**Directions for this task**
Pull every line containing the word "kappa" from the records.

**Given information**
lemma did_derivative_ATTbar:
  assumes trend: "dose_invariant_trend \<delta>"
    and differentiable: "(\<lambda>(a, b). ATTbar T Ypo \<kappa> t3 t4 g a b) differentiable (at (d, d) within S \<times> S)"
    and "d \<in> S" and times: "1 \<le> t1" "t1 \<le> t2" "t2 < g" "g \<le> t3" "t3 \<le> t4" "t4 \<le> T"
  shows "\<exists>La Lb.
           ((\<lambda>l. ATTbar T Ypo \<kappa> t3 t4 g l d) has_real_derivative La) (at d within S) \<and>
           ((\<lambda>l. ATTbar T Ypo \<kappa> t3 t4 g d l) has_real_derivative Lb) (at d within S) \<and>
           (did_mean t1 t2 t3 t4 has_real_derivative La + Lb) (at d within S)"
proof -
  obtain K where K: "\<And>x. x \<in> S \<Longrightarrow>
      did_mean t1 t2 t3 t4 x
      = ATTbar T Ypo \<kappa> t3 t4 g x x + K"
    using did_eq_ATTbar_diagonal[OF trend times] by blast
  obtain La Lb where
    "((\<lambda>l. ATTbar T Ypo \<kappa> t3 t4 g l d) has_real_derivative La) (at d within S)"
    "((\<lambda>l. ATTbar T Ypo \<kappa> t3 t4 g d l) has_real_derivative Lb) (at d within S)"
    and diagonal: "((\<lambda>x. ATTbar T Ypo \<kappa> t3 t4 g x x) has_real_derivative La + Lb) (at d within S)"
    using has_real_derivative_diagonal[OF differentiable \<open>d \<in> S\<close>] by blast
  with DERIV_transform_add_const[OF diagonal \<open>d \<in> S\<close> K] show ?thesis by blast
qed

--

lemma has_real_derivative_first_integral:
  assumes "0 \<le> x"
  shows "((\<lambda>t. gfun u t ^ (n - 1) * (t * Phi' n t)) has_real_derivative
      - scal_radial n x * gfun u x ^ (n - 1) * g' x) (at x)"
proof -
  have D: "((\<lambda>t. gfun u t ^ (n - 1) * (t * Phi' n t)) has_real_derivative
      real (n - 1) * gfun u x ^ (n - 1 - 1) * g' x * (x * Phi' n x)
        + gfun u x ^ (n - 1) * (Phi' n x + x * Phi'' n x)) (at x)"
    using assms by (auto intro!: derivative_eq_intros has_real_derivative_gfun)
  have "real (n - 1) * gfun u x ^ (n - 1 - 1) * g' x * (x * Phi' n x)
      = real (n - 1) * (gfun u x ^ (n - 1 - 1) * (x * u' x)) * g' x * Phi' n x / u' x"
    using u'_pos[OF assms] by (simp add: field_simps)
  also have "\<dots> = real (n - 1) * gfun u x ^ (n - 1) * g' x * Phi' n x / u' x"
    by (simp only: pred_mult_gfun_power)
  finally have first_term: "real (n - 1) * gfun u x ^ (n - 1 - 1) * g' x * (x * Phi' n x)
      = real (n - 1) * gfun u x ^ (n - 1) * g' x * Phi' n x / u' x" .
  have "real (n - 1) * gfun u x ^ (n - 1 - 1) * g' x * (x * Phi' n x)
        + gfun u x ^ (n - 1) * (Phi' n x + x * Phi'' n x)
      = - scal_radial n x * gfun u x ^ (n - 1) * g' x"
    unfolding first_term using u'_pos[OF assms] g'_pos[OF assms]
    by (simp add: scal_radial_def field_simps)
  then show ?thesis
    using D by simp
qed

**Output for this exercise**
    and differentiable: "(\<lambda>(a, b). ATTbar T Ypo \<kappa> t3 t4 g a b) differentiable (at (d, d) within S \<times> S)"
           ((\<lambda>l. ATTbar T Ypo \<kappa> t3 t4 g l d) has_real_derivative La) (at d within S) \<and>
           ((\<lambda>l. ATTbar T Ypo \<kappa> t3 t4 g d l) has_real_derivative Lb) (at d within S) \<and>
      = ATTbar T Ypo \<kappa> t3 t4 g x x + K"
    "((\<lambda>l. ATTbar T Ypo \<kappa> t3 t4 g l d) has_real_derivative La) (at d within S)"
    "((\<lambda>l. ATTbar T Ypo \<kappa> t3 t4 g d l) has_real_derivative Lb) (at d within S)"
    and diagonal: "((\<lambda>x. ATTbar T Ypo \<kappa> t3 t4 g x x) has_real_derivative La + Lb) (at d within S)"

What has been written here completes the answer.